Additionaly, you can pass /p:AotCompilation=true to build GCRealTimeMon with NativeAOT. This requires native C++ toolchain (MSVC or clang) to be installed on the machine.

cd src/GCRealTimeMon
dotnet publish -c Release -r win-x64 /p:AotCompilation=true # build on Windows
dotnet publish -c Release -r linux-x64 /p:AotCompilation=true # build on Linux
dotnet publish -c Release -r osx-x64 /p:AotCompilation=true # build on macOS

Build artifacts can be found in bin/Release/netcoreapp3.1/[rid]/publish.

Build dotnet-gcmon tool with command line

cd src/dotnet-gcmon
dotnet build -c Release

How to generate the global .NET CLI tool dotnet-gcmon

Such a tool is simply a console application stored in a nuget package with some specific properties. The dotnet-gcmon.csproj file contains the corresponding settings and link to the implementation of the GCRealTimeMon console application.

When building this dotnet-gcmon C# project, a nuget package (dotnet-gcmon.(version x.y.z).nupkg) is generated under the nupkg folder. Ensure that the configuration is "Release" to publish a new version.
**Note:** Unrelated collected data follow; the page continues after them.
lemma vanishing_derivatives_imp_eventually_norm_le_power:
  fixes D :: "nat \<Rightarrow> 'a::real_normed_field \<Rightarrow> 'a"
  assumes "convex S" "\<zeta> \<in> S"
    and der: "\<And>n z. n < M \<Longrightarrow> z \<in> S \<Longrightarrow> (D n has_field_derivative D (Suc n) z) (at z within S)"
    and cont: "continuous (at \<zeta> within S) (D M)"
    and zero: "\<And>n. n \<le> M \<Longrightarrow> D n \<zeta> = 0"
    and "e > 0"
  shows "\<forall>\<^sub>F w in at \<zeta> within S. norm (D 0 w) \<le> e * norm (w - \<zeta>) ^ M"
proof -
  obtain \<delta> where "\<delta> > 0" and \<delta>: "\<And>w. w \<in> S \<Longrightarrow> dist w \<zeta> < \<delta> \<Longrightarrow> norm (D M w) < e"
    using cont \<open>e > 0\<close> zero[of M] unfolding continuous_within_eps_delta by (auto simp: dist_norm)
  define K where "K = S \<inter> ball \<zeta> \<delta>"
  have "\<forall>w\<in>K. norm (D n w) \<le> e * norm (w - \<zeta>) ^ (M - n)" if "n \<le> M" for n
    using that
  proof (induction n rule: inc_induct)
    case base
    show ?case using \<delta> by (auto simp: K_def dist_commute less_imp_le)
  next
    case (step n)
    show ?case
    proof
      fix w assume "w \<in> K"
      define r where "r = norm (w - \<zeta>)"
      define K' where "K' = K \<inter> cball \<zeta> r"
      have "convex K'"
        unfolding K'_def K_def using \<open>convex S\<close> by (intro convex_Int convex_cball convex_ball)
      moreover have "(D n has_field_derivative D (Suc n) u) (at u within K')" if "u \<in> K'" for u
      proof -
        have "u \<in> S" "K' \<subseteq> S" using that by (auto simp: K'_def K_def)
        then show ?thesis using der[OF step(2)] has_field_derivative_subset by blast
      qed
      moreover have "norm (D (Suc n) u) \<le> e * r ^ (M - Suc n)" if "u \<in> K'" for u
      proof -
        have "norm (D (Suc n) u) \<le> e * norm (u - \<zeta>) ^ (M - Suc n)"
          using step.IH that by (auto simp: K'_def)
        also have "\<dots> \<le> e * r ^ (M - Suc n)"
          using that \<open>e > 0\<close>
          by (intro mult_left_mono power_mono) (auto simp: K'_def dist_norm norm_minus_commute)
        finally show ?thesis .
      qed
      moreover have "w \<in> K'" "\<zeta> \<in> K'"
        using \<open>w \<in> K\<close> \<open>\<zeta> \<in> S\<close> \<open>\<delta> > 0\<close> by (auto simp: K'_def K_def r_def dist_norm norm_minus_commute)
      ultimately have "norm (D n w - D n \<zeta>) \<le> e * r ^ (M - Suc n) * r"
        unfolding r_def by (rule field_differentiable_bound)
      then show "norm (D n w) \<le> e * norm (w - \<zeta>) ^ (M - n)"
        using zero[of n] step(2) by (simp add: r_def Suc_diff_Suc[symmetric] ac_simps)
    qed
  qed
  then have "\<forall>w\<in>K. norm (D 0 w) \<le> e * norm (w - \<zeta>) ^ M"
    by fastforce
  then show ?thesis
    unfolding eventually_at using \<open>\<delta> > 0\<close> by (auto simp: K_def dist_commute intro!: exI[of _ \<delta>])
qed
It is also possible to manually generate the package in Release, by using the following command in the .csproj folder:

dotnet pack -c Release

If you make changes to the global tool you should test it locally by first uninstalling an existing version

dotnet tool uninstall -g dotnet-gcmon

and then installing the local .nupkg with this command line:

dotnet tool install -g dotnet-gcmon --version 0.5.0 --add-source C:\realmon\src\dotnet-gcmon\nupkg\

(replace 0.5.0 with the version you specified in the .csproj and C:\realmon with the name of your dir for the tool)

To publish a new version, upload the new dotnet-gcmon.(version x.y.z).nupkg file to https://www.nuget.org/packages/manage/upload.

After a while, it should appear under https://www.nuget.org/packages/dotnet-gcmon.

At that point, use the following command to install it on a machine:

   dotnet tool install -g dotnet-gcmon

NOTE: to prepare a new version, update the following property x.y.z in the .csproj file before building/generating the nuget package.

NOTE: when new files are added to GCRealTimeMon project, don't forget to add them as links in the dotnet-gcmon.csproj file.

Read https://docs.microsoft.com/en-us/dotnet/core/tools/global-tools-how-to-create for more details about creating a global .NET CLI tool.

Contribution

Contributions are very welcome! Tasks I'm currently thinking about -

  • More info about GCs (the TraceGC class in TraceEvent provides a ton of info about each GC).
  • Take more command line args that allow uses to specify things like only show GCs that are blocking or show the allocated bytes in gen0/LOH inbetween GCs.

If you are interested in working on any of these, your contributions are very much appreciated. Or if you have suggestions on other features, feel free to open an issue or a PR.